You take a 3 kg metal block and slide it along the floor, where the coefficient of friction is only 0.4. You release the block with an initial velocity of $\langle 6, 0, 0\rangle m/s$. How long will it take for the block to come to a stop?

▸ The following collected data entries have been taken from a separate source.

(* Let $P^1,\dots,P^m\in\Delta^n$ be in general position, and let $L_0=L(P^1,\dots,P^m)$. Let $\Psi'$ be the $(m-1)\times(n-1)$ matrix with entries $\Psi'_{i,j}=P^{i+1}_{j+1}-P^1_{j+1}$ ($i=1,\dots,m-1$, $j=1,\dots,n-1$), and let $\boldsymbol b=(H(P^1)-H(P^2),\dots,H(P^1)-H(P^m))\in\mathbb{R}^{m-1}$, where $H(P)=-\sum_j P_j\log P_j$. Let $\boldsymbol\theta=(\theta_2,\dots,\theta_n)$ be any solution of $\Psi'\,{}^t\boldsymbol\theta={}^t\boldsymbol b$, and define $Q\in\Delta^n$ by $Q_1=(1+\sum_{j=2}^n e^{\theta_j})^{-1}$ and $Q_j=Q_1e^{\theta_j}$ for $j=2,\dots,n$. Put $Q^0=\pi(Q|L_0)$. Then $Q^0$ is the unique point in $L_0$ satisfying $D(P^i\|Q^0)=D(P^1\|Q^0)$ for $i=2,\dots,m$.
   Context: $\Delta^n=\{Q=(Q_1,\dots,Q_n):Q_j>0,\ \sum_jQ_j=1\}$. $D(Q\|Q')=\sum_jQ_j\log(Q_j/Q'_j)$. Points $P^1,\dots,P^m\in\Delta^n$ are in general position if $P^2-P^1,\dots,P^m-P^1$ are linearly independent. $L(P^1,\dots,P^m)=\{\sum_i\lambda_iP^i:\sum_i\lambda_i=1\}\cap\Delta^n$. For $Q'\in\Delta^n$ and such an affine subspace $L$, $\pi(Q'|L)$ denotes the unique $Q\in L$ minimizing $D(Q\|Q')$. *)

theory Defs
  imports "HOL-Analysis.Analysis"
begin

text \<open>Points of the open prob_simplex Delta^n are functions nat => real with coordinates
  0..n-1 (0-based: coordinate j here is coordinate j+1 of the paper), vanishing outside.\<close>
definition prob_simplex :: "nat \<Rightarrow> (nat \<Rightarrow> real) set" where
  "prob_simplex n = {Q. (\<forall>j<n. Q j > 0) \<and> (\<forall>j\<ge>n. Q j = 0) \<and> (\<Sum>j<n. Q j) = 1}"

definition KL :: "nat \<Rightarrow> (nat \<Rightarrow> real) \<Rightarrow> (nat \<Rightarrow> real) \<Rightarrow> real" where
  "KL n Q Q' = (\<Sum>j<n. Q j * ln (Q j / Q' j))"

definition entropy :: "nat \<Rightarrow> (nat \<Rightarrow> real) \<Rightarrow> real" where
  "entropy n P = - (\<Sum>j<n. P j * ln (P j))"

text \<open>Points P 0, ..., P (m-1) (paper: P^1..P^m) in general position.\<close>
definition general_position :: "nat \<Rightarrow> nat \<Rightarrow> (nat \<Rightarrow> nat \<Rightarrow> real) \<Rightarrow> bool" where
  "general_position n m P \<longleftrightarrow>
     (\<forall>c::nat \<Rightarrow> real. (\<forall>j<n. (\<Sum>i\<in>{1..<m}. c i * (P i j - P 0 j)) = 0)
        \<longrightarrow> (\<forall>i\<in>{1..<m}. c i = 0))"

definition affL :: "nat \<Rightarrow> nat \<Rightarrow> (nat \<Rightarrow> nat \<Rightarrow> real) \<Rightarrow> (nat \<Rightarrow> real) set" where
  "affL n m P = {Q \<in> prob_simplex n. \<exists>lam::nat \<Rightarrow> real. (\<Sum>i<m. lam i) = 1 \<and>
                     Q = (\<lambda>j. \<Sum>i<m. lam i * P i j)}"

definition iproj :: "nat \<Rightarrow> (nat \<Rightarrow> real) \<Rightarrow> (nat \<Rightarrow> real) set \<Rightarrow> (nat \<Rightarrow> real)" where
  "iproj n Q' L = (THE Q. Q \<in> L \<and> (\<forall>R\<in>L. KL n Q Q' \<le> KL n R Q'))"

definition expfam :: "nat \<Rightarrow> (nat \<Rightarrow> real) \<Rightarrow> (nat \<Rightarrow> real)" where
  "expfam n \<theta> = (\<lambda>j. let Q0 = 1 / (1 + (\<Sum>k\<in>{1..<n}. exp (\<theta> k))) in
                     if j = 0 then Q0 else if j < n then Q0 * exp (\<theta> j) else 0)"

end

theory Submission
  imports Defs "HOL-Real_Asymp.Real_Asymp"
begin

text \<open>If \<open>R \<in> L\<close> and \<open>ln (R/Q)\<close> is orthogonal to the directions \<open>P\<^sup>i - P\<^sup>1\<close> of \<open>L\<close>, then
  \<open>D(S\<parallel>Q) = D(S\<parallel>R) + D(R\<parallel>Q)\<close> for every \<open>S \<in> L\<close>, so \<open>R = \<pi>(Q|L)\<close> by Gibbs' inequality.
  Such an \<open>R\<close> exists: \<open>D(\<cdot>\<parallel>Q)\<close> attains its minimum on the closure of \<open>L\<close>, which is compact
  because general position bounds the affine coordinates; the minimum is interior because
  \<open>x ln x\<close> has infinite slope at \<open>0\<close>; and at an interior minimum the first-order conditions are
  exactly the orthogonality. For the exponential-family point \<open>Q\<close>, \<open>ln Q\<close> is \<open>\<theta>\<close> up to a
  constant, so the equations \<open>\<Psi>'\<theta> = b\<close> turn orthogonality into \<open>D(P\<^sup>i\<parallel>R) = D(P\<^sup>1\<parallel>R)\<close>.\<close>

lemma xlnx_ratio_ge:
  fixes s r :: real assumes "0 < s" "0 < r"
  shows "s - r \<le> s * ln (s / r)"
proof -
  have "s * ln (r / s) \<le> s * (r / s - 1)"
    using assms by (intro mult_left_mono ln_le_minus_one) auto
  moreover have "s * (r / s - 1) = r - s" using assms by (simp add: field_simps)
  moreover have "ln (s / r) = - ln (r / s)" using assms by (simp add: ln_div)
  ultimately show ?thesis by simp
qed

lemma xlnx_ratio_eq_imp_eq:
  fixes s r :: real assumes "0 < s" "0 < r" "s * ln (s / r) = s - r"
  shows "s = r"
proof -
  have "ln (s / r) = - ln (r / s)" using assms by (simp add: ln_div)
  with assms have "ln (r / s) = r / s - 1" by (simp add: field_simps)
  hence "r / s = 1" using assms by (intro ln_eq_minus_one) auto
  thus ?thesis using assms by simp
qed

lemma KL_nonneg:
  assumes "S \<in> prob_simplex n" "R \<in> prob_simplex n"
  shows "0 \<le> KL n S R"
proof -
  have "(\<Sum>j<n. S j - R j) \<le> KL n S R"
    unfolding KL_def using assms by (intro sum_mono xlnx_ratio_ge) (auto simp: prob_simplex_def)
  thus ?thesis using assms by (simp add: prob_simplex_def sum_subtractf)
qed

lemma KL_le_0_imp_eq:
  assumes S: "S \<in> prob_simplex n" and R: "R \<in> prob_simplex n" and "KL n S R \<le> 0"
  shows "S = R"
proof -
  define d where "d j = S j * ln (S j / R j) - (S j - R j)" for j
  have d_nonneg: "\<forall>j\<in>{..<n}. 0 \<le> d j"
    using S R xlnx_ratio_ge by (auto simp: d_def prob_simplex_def)
  have "(\<Sum>j<n. d j) = KL n S R"
    using S R by (simp add: d_def KL_def sum_subtractf prob_simplex_def)
  hence "(\<Sum>j<n. d j) = 0" using KL_nonneg[OF S R] \<open>KL n S R \<le> 0\<close> by simp
  hence "\<forall>j<n. d j = 0" using sum_nonneg_eq_0_iff[of "{..<n}" d] d_nonneg by simp
  hence "\<forall>j<n. S j = R j"
    using S R xlnx_ratio_eq_imp_eq by (auto simp: d_def prob_simplex_def)
  moreover have "\<forall>j\<ge>n. S j = R j" using S R by (simp add: prob_simplex_def)
  ultimately show ?thesis by (metis ext not_le)
qed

How far does the block move?

Block is metal.

Mass of metal block = 3 kg

The coefficient of friction between floor and block = 0.4

Initial velocity of block = $\langle 6, 0, 0\rangle m/s$

Final velocity of block = $\langle 0, 0, 0\rangle m/s$

Time it takes for the block to come to a stop.

The distance the block moves during this time.

Assume surface is made of the same material and so coefficient of friction is constant.

$\Delta \vec{p} = \vec{F}_{net} \Delta t$

$ x: \Delta p_x = -\mu_k F_N\Delta t $

$ y: \Delta p_y = (F_N - mg)\Delta t = 0 $

Write equation of y direction in terms of $F_N$ to sub into x direction equation.

$ (F_N - mg) \Delta t = 0 $

Multiply out

$ F_N \Delta t - mg \Delta t = 0 $

Make equal to each other

$ F_N \Delta t = mg \Delta t $

Cancel $\Delta t$

$ F_N = mg $

Combining these two equations and substituting in mg for $F_N$ and writing $ p_x = \Delta(mv_x) $, we get the following equation:

$ \Delta(mv_x) = - \mu_k mg\Delta t $

Cancel the masses

$ \Delta(v_x) = - \mu_k g\Delta t $

Rearrange to solve for $\Delta t$ and sub in 0 - $v_{xi}$ for $ \Delta(v_x)$

$ \Delta(t) = \dfrac{0 - v_{xi}}{-\mu_k g} = \dfrac{v_{xi}}{\mu_k g} $

Fill in values for variables and solve for $\Delta t$

$ \Delta(t) = \dfrac{6 m/s}{0.4 (9.8 N/kg)} = 1.53s $

Since the net force was constant we can say the average velocity can be described as: $v_{x,avg} = (v_{xi} + v_{xf})/2$, so

$ \Delta x/\Delta t = ((6 + 0)/2) m/s = 3m/s $

Sub in for $\Delta t$ and solve for $\Delta x$

$ \Delta x = (3 m/s)(1.53 s) = 4.5m $